Others, again, are troubled with besetting sins; they, too, must be taken back to Calvary, to learn both that there they were bought with a price, to glorify God in their body (I Cor. 6:20), and also that “our old man is crucified with him... that henceforth we should not serve sin” (Romans 6:6).
And so, we might go on with our demonstration that spiritual problems get settled at Calvary alone, or else not at all.
SPIRITUAL SOLUTION
Let us see to it, then, that the message which we preach to men as the solution to their deepest problems is the apostolic message of the cross—“all problems find their solution at Calvary.” And let us not be hasty to exchange it for fashionable techniques of so-called pastoral psychology which rest on a secular analysis of human nature, and which, when used, have the effect of leading men and women out of sight of the cross, and teaching them to look elsewhere for the healing of their souls. I am not saying that pastoral psychology, as a study, is a complete waste of time, but I am saying that spiritual needs cannot be met by the counseling techniques of a naturalistic psychiatry, and woe betide us—and our people!—if we ministers go astray at this point.

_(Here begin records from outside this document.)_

lemma solution_in_cone:
  assumes "P 0 = P0" "0 \<le> t" "\<forall>e\<in>J. \<forall>u\<in>{0..t}. 0 \<le> ogap e (P u)"
  shows "P t \<in> (\<lambda>q. P0 + q) ` QJ J P0 Ps"
proof -
  define c where "c e = integral {0..t} (\<lambda>u. w e * ogap e (P u))" for e
  have "0 \<le> c e" if "e \<in> J" for e
    unfolding c_def
    by (rule integral_nonneg[OF integrable_continuous_interval[OF continuous_on_flux]])
       (use that assms w_nonneg in auto)
  then have "(\<Sum>e\<in>J. c e *\<^sub>R ray e) \<in> QJ J P0 Ps" unfolding QJ_rays by blast
  moreover have "P t = P0 + (\<Sum>e\<in>J. c e *\<^sub>R ray e)"
    unfolding c_def by (rule solution_from_P0[OF assms(1,2)])
  ultimately show ?thesis by blast
qed

lemma lyapunov_dissipation:
  assumes "0 \<le> \<tau>" "0 \<le> m" and stay: "\<forall>e\<in>J. \<forall>u\<in>{0..\<tau>}. m/2 \<le> ogap e (P u)"
  shows "lyapunov Ps (P \<tau>) - lyapunov Ps (P 0)
    \<le> - (\<Sum>e\<in>J. m * integral {0..\<tau>} (\<lambda>u. w e * ogap e (P u)))"
proof (rule has_integral_le[OF lyapunov_increment[OF order_refl \<open>0 \<le> \<tau>\<close>]])
  show "((\<lambda>u. - (\<Sum>e\<in>J. m * (w e * ogap e (P u)))) has_integral
      - (\<Sum>e\<in>J. m * integral {0..\<tau>} (\<lambda>u. w e * ogap e (P u)))) {0..\<tau>}"
    by (intro has_integral_neg has_integral_sum finite has_integral_mult_right integrable_integral
        integrable_continuous_interval continuous_on_flux order_refl)
  fix u assume u: "u \<in> {0..\<tau>}"
  have "m * (w e * ogap e (P u)) \<le> 2 * (w e * (ogap e (P u))^2)" if "e \<in> J" for e
  proof -
    have "m/2 \<le> ogap e (P u)" using stay that u by blast
    then have "0 \<le> (w e * ogap e (P u)) * (2 * ogap e (P u) - m)"
      using w_nonneg that \<open>0 \<le> m\<close> by (intro mult_nonneg_nonneg) auto
    then show ?thesis by (simp add: power2_eq_square algebra_simps)
  qed
  then have "(\<Sum>e\<in>J. m * (w e * ogap e (P u))) \<le> 2 * (\<Sum>e\<in>J. w e * (ogap e (P u))^2)"
    unfolding sum_distrib_left by (rule sum_mono)
  then show "- 2 * (\<Sum>e\<in>J. w e * (ogap e (P u))^2) \<le> - (\<Sum>e\<in>J. m * (w e * ogap e (P u)))"
    by simp
qed

lemma lyapunov_drop:
  assumes P0: "P 0 = P0" and m: "0 < m" "\<forall>e\<in>J. m \<le> ogap e P0" and "0 \<le> \<tau>"
    and stay: "\<forall>e\<in>J. \<forall>u\<in>{0..\<tau>}. m/2 \<le> ogap e (P u)"
    and hit: "e \<in> J" "ogap e (P \<tau>) \<le> m/2"
  shows "lyapunov Ps (P \<tau>) \<le> lyapunov Ps P0 - m^2 / (8 * inv_sum)"
proof -
  define c where "c f = integral {0..\<tau>} (\<lambda>u. w f * ogap f (P u))" for f
  have "0 \<le> ogap f (P u)" if "f \<in> J" "u \<in> {0..\<tau>}" for f u
    using stay that m(1) by fastforce
  then have c_nonneg: "0 \<le> c f" if "f \<in> J" for f
    unfolding c_def
    by (intro integral_nonneg integrable_continuous_interval continuous_on_flux \<open>0 \<le> \<tau>\<close>)
       (use that w_nonneg in \<open>auto intro!: mult_nonneg_nonneg\<close>)
  have "P \<tau> = P0 + (\<Sum>f\<in>J. c f *\<^sub>R ray f)"
    unfolding c_def by (rule solution_from_P0[OF P0 \<open>0 \<le> \<tau>\<close>])
  then have "ogap e (P0 + (\<Sum>f\<in>J. c f *\<^sub>R ray f)) \<le> m/2" using hit(2) by simp
  then have "m / (8 * inv_sum) \<le> (\<Sum>f\<in>J. c f)"
    using c_nonneg hit(1) m(2) by (intro cone_coeff_sum_ge) auto
  then have "m^2 / (8 * inv_sum) \<le> (\<Sum>f\<in>J. m * c f)"
    using mult_left_mono[of _ _ m] m(1) by (fastforce simp: power2_eq_square sum_distrib_left[symmetric])
  moreover have "lyapunov Ps (P \<tau>) - lyapunov Ps (P 0) \<le> - (\<Sum>f\<in>J. m * c f)"
    unfolding c_def using m(1) by (intro lyapunov_dissipation \<open>0 \<le> \<tau>\<close> stay) simp
  ultimately show ?thesis unfolding P0 by linarith
qed

lemma solution_near_P0_in_cone:
  assumes P0: "P 0 = P0" and m: "0 < m" "\<forall>e\<in>J. m \<le> ogap e P0" and "0 \<le> t"
    and near: "lyapunov Ps P0 - m^2 / (8 * inv_sum) < lyapunov Ps (P t)"
  shows "P t \<in> (\<lambda>q. P0 + q) ` QJ J P0 Ps"
proof (rule solution_in_cone[OF P0 \<open>0 \<le> t\<close>], rule ccontr)
  assume "\<not> (\<forall>e\<in>J. \<forall>u\<in>{0..t}. 0 \<le> ogap e (P u))"
  then obtain e s where hit: "e \<in> J" "s \<in> {0..t}" "ogap e (P s) < 0" by (auto simp: not_le)
  have cont: "continuous_on {0..t} (\<lambda>u. ogap f (P u))" for f
    by (intro continuous_on_ogap continuous_on_subset[OF continuous_on_solution]) auto
  have start: "m/2 < ogap f (P 0)" if "f \<in> J" for f
    using m that P0 by fastforce
  have "ogap e (P s) \<le> m/2" using hit(3) m(1) by linarith
  then obtain \<tau> where \<tau>: "\<tau> \<in> {0..t}" "\<exists>e\<in>J. ogap e (P \<tau>) \<le> m/2"
      "\<forall>e\<in>J. \<forall>u\<in>{0..\<tau>}. m/2 \<le> ogap e (P u)"
    using first_hitting_time[where g = "\<lambda>f u. ogap f (P u)", OF finite cont start hit(1,2)] by blast
  then have "lyapunov Ps (P \<tau>) \<le> lyapunov Ps P0 - m^2 / (8 * inv_sum)"
    using lyapunov_drop[OF P0 m] by auto
  moreover have "lyapunov Ps (P t) \<le> lyapunov Ps (P \<tau>)"
    using \<tau>(1) by (intro lyapunov_antimono) auto
  ultimately show False using near by linarith
qed

end

lemma continuous_on_phi1_rates:
  "continuous_on (cbox 0 (\<chi> _. 1)) (\<lambda>v. phi1 (kolm_rhs J (($) v) Ps) P0)"
proof (rule continuous_on_phi1_param)
  fix v x assume "v \<in> cbox (0::real^('n \<times> 'n)) (\<chi> _. 1)"
  then have "\<forall>e\<in>J. \<bar>v$e\<bar> \<le> 1" unfolding mem_cbox_zero_const_cart by (metis abs_of_nonneg)
  then show "norm (kolm_rhs J (($) v) Ps x) \<le> (4 * inv_sum * card J) * norm x"
    by (rule norm_kolm_rhs_le)
next
  show "0 \<le> 4 * inv_sum * card J" using inv_sum_pos by simp
next
  fix g :: "real^('n \<times> 'n) \<Rightarrow> real^'n"
  assume "continuous_on (cbox 0 (\<chi> _. 1)) g"
  then show "continuous_on (cbox 0 (\<chi> _. 1)) (\<lambda>v. kolm_rhs J (($) v) Ps (g v))"
    unfolding kolm_rhs_rays by (intro continuous_intros continuous_on_ogap)
qed

lemma phi1_rates_near_P0:
  assumes "0 < r"
  obtains \<beta> where "0 < \<beta>" "\<beta> \<le> 1"
    "\<And>v. v \<in> cbox 0 (\<chi> _. \<beta>) \<Longrightarrow> dist (phi1 (kolm_rhs J (($) v) Ps) P0) P0 < r"
proof -
  define Y where "Y v = phi1 (kolm_rhs J (($) v) Ps) P0" for v :: "real^('n \<times> 'n)"
  have "Y 0 = P0"
    unfolding Y_def kolm_rhs_def by (simp add: phi1_zero)
  moreover have "(0::real^('n \<times> 'n)) \<in> cbox 0 (\<chi> _. 1)" by (simp add: mem_box_cart)
  ultimately obtain d where d: "0 < d"
    "\<And>v. v \<in> cbox 0 (\<chi> _. 1) \<Longrightarrow> dist v 0 < d \<Longrightarrow> dist (Y v) P0 < r"
    using continuous_on_phi1_rates assms unfolding continuous_on_iff Y_def by metis
  define N where "N = real CARD('n \<times> 'n)"
  have "1 \<le> N" unfolding N_def by (simp del: card_prod add: Suc_leI)
  define \<beta> where "\<beta> = min 1 (d / (2 * N))"
  have "0 < \<beta>" "\<beta> \<le> 1" using d \<open>1 \<le> N\<close> unfolding \<beta>_def by auto
  moreover have "dist (Y v) P0 < r" if v: "v \<in> cbox 0 (\<chi> _. \<beta>)" for v
  proof (rule d(2))
    show "v \<in> cbox 0 (\<chi> _. 1)" using v cbox_zero_const_mono[OF \<open>\<beta> \<le> 1\<close>] by blast
    have v_le: "0 \<le> v$p \<and> v$p \<le> \<beta>" for p using v unfolding mem_cbox_zero_const_cart by blast
    have "norm v \<le> (\<Sum>p\<in>UNIV. \<bar>v$p\<bar>)" by (rule norm_le_l1_cart)
    also have "\<dots> \<le> (\<Sum>p\<in>(UNIV::('n \<times> 'n) set). d / (2 * N))"
      using v_le by (intro sum_mono) (auto simp: \<beta>_def)
    also have "\<dots> = d / 2" using \<open>1 \<le> N\<close> unfolding N_def by simp
    finally show "dist v 0 < d" using d(1) by simp
  qed
  ultimately show ?thesis using that unfolding Y_def by blast
qed

lemma increment_reachable:
  assumes v_nonneg: "\<forall>e. 0 \<le> v$e"
    and rates: "\<forall>e\<in>J. v$e * ogap e (phi1 (kolm_rhs J (($) v) Ps) P0) = c e"
  shows "P0 + (\<Sum>e\<in>J. c e *\<^sub>R ray e) \<in> PhiJ J Ps P0"
proof -
  let ?F = "kolm_rhs J (($) v) Ps"
  have "linexp ?F 1 P0 = P0 + ?F (phi1 ?F P0)"
    by (rule linexp_1[OF bounded_linear_kolm_rhs])
  also have "?F (phi1 ?F P0) = (\<Sum>e\<in>J. c e *\<^sub>R ray e)"
    unfolding kolm_rhs_rays[of _ "phi1 ?F P0"] by (intro sum.cong refl) (simp add: rates[rule_format])
  finally have "linexp ?F 1 P0 = P0 + (\<Sum>e\<in>J. c e *\<^sub>R ray e)" .
  then show ?thesis
    unfolding PhiJ_def
    using v_nonneg linexp_0
      has_vector_derivative_linexp[OF bounded_linear_kolm_rhs]
    by (intro CollectI exI[of _ "($) v"] exI[of _ "\<lambda>s. linexp ?F s P0"] exI[of _ 1]) auto
qed

lemma small_cone_reachable:
  assumes "0 < m" "\<forall>e\<in>J. m \<le> ogap e P0"
  obtains \<eta> where "0 < \<eta>"
    "\<And>c. \<forall>e\<in>J. 0 \<le> c e \<and> c e \<le> \<eta> \<Longrightarrow> P0 + (\<Sum>e\<in>J. c e *\<^sub>R ray e) \<in> PhiJ J Ps P0"
proof -
  have "0 < m / (4 * inv_sum)" using assms(1) inv_sum_pos by simp
  then obtain \<beta> where \<beta>: "0 < \<beta>" "\<beta> \<le> 1"
    and close: "\<And>v. v \<in> cbox 0 (\<chi> _. \<beta>) \<Longrightarrow> dist (phi1 (kolm_rhs J (($) v) Ps) P0) P0 < m / (4 * inv_sum)"
    using phi1_rates_near_P0 by blast
  have near: "\<forall>e\<in>J. m/2 \<le> ogap e (phi1 (kolm_rhs J (($) v) Ps) P0)" if "v \<in> cbox 0 (\<chi> _. \<beta>)" for v
  proof
    fix e assume "e \<in> J"
    let ?Y = "phi1 (kolm_rhs J (($) v) Ps) P0"
    have "\<bar>ogap e ?Y - ogap e P0\<bar> \<le> 2 * inv_sum * norm (?Y - P0)"
      using abs_ogap_le[of e "?Y - P0"] by (simp add: linear_diff[OF linear_ogap])
    also have "\<dots> < 2 * inv_sum * (m / (4 * inv_sum))"
      using close[OF that] inv_sum_pos by (intro mult_strict_left_mono) (simp_all add: dist_norm)
    also have "\<dots> = m/2" using inv_sum_pos by simp
    finally have "\<bar>ogap e ?Y - ogap e P0\<bar> < m/2" .
    moreover have "m \<le> ogap e P0" using assms(2) \<open>e \<in> J\<close> by blast
    ultimately show "m/2 \<le> ogap e ?Y" by linarith
  qed
  have cont: "continuous_on (cbox 0 (\<chi> _. \<beta>)) (\<lambda>v. ogap e (phi1 (kolm_rhs J (($) v) Ps) P0))" for e
    by (intro continuous_on_ogap continuous_on_subset[OF continuous_on_phi1_rates]
        cbox_zero_const_mono \<open>\<beta> \<le> 1\<close>)
  show ?thesis
  proof (rule that)
    show "0 < \<beta> * (m / 2)" using \<beta> assms(1) by simp
    fix c assume c: "\<forall>e\<in>J. 0 \<le> c e \<and> c e \<le> \<beta> * (m / 2)"
    have "m/2 \<le> ogap e (phi1 (kolm_rhs J (($) v) Ps) P0)" if "v \<in> cbox 0 (\<chi> _. \<beta>)" "e \<in> J" for v e
      using near that by blast
    moreover have "0 < m/2" using assms(1) by simp
    ultimately obtain v where "v \<in> cbox 0 (\<chi> _. \<beta>)"
      "\<forall>e\<in>J. v$e * ogap e (phi1 (kolm_rhs J (($) v) Ps) P0) = c e"
      using brouwer_prescribed_products[where G = "\<lambda>v e. ogap e (phi1 (kolm_rhs J (($) v) Ps) P0)",
          OF \<open>0 < \<beta>\<close> _ cont _ c] by blast
    then show "P0 + (\<Sum>e\<in>J. c e *\<^sub>R ray e) \<in> PhiJ J Ps P0"
      by (intro increment_reachable) (auto simp: mem_cbox_zero_const_cart)
  qed
qed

What I am really pleading for in all this is a new Puritanism. That, of course, is a question-begging phrase which might mean many things; what I mean by it, however, is this. We need ministers, and churches, that combine strong faith in Scripture as the living Word of the living God with an equally strong faith in the adequacy of the gospel of the cross to bring life, and joy, and peace, and edifying, and victory, to needy sinners. We need a ministry of the Word that has both breadth and depth, that is both doctrinal and practical, evangelical and experiential. We need, in other words, what the Puritans actually had. May each generation of Westminster men catch the true Puritan spirit, and so “fulfill their ministry” to the glory of the God of truth and the blessing of those whom they serve in the gospel in these difficultand dangerous days.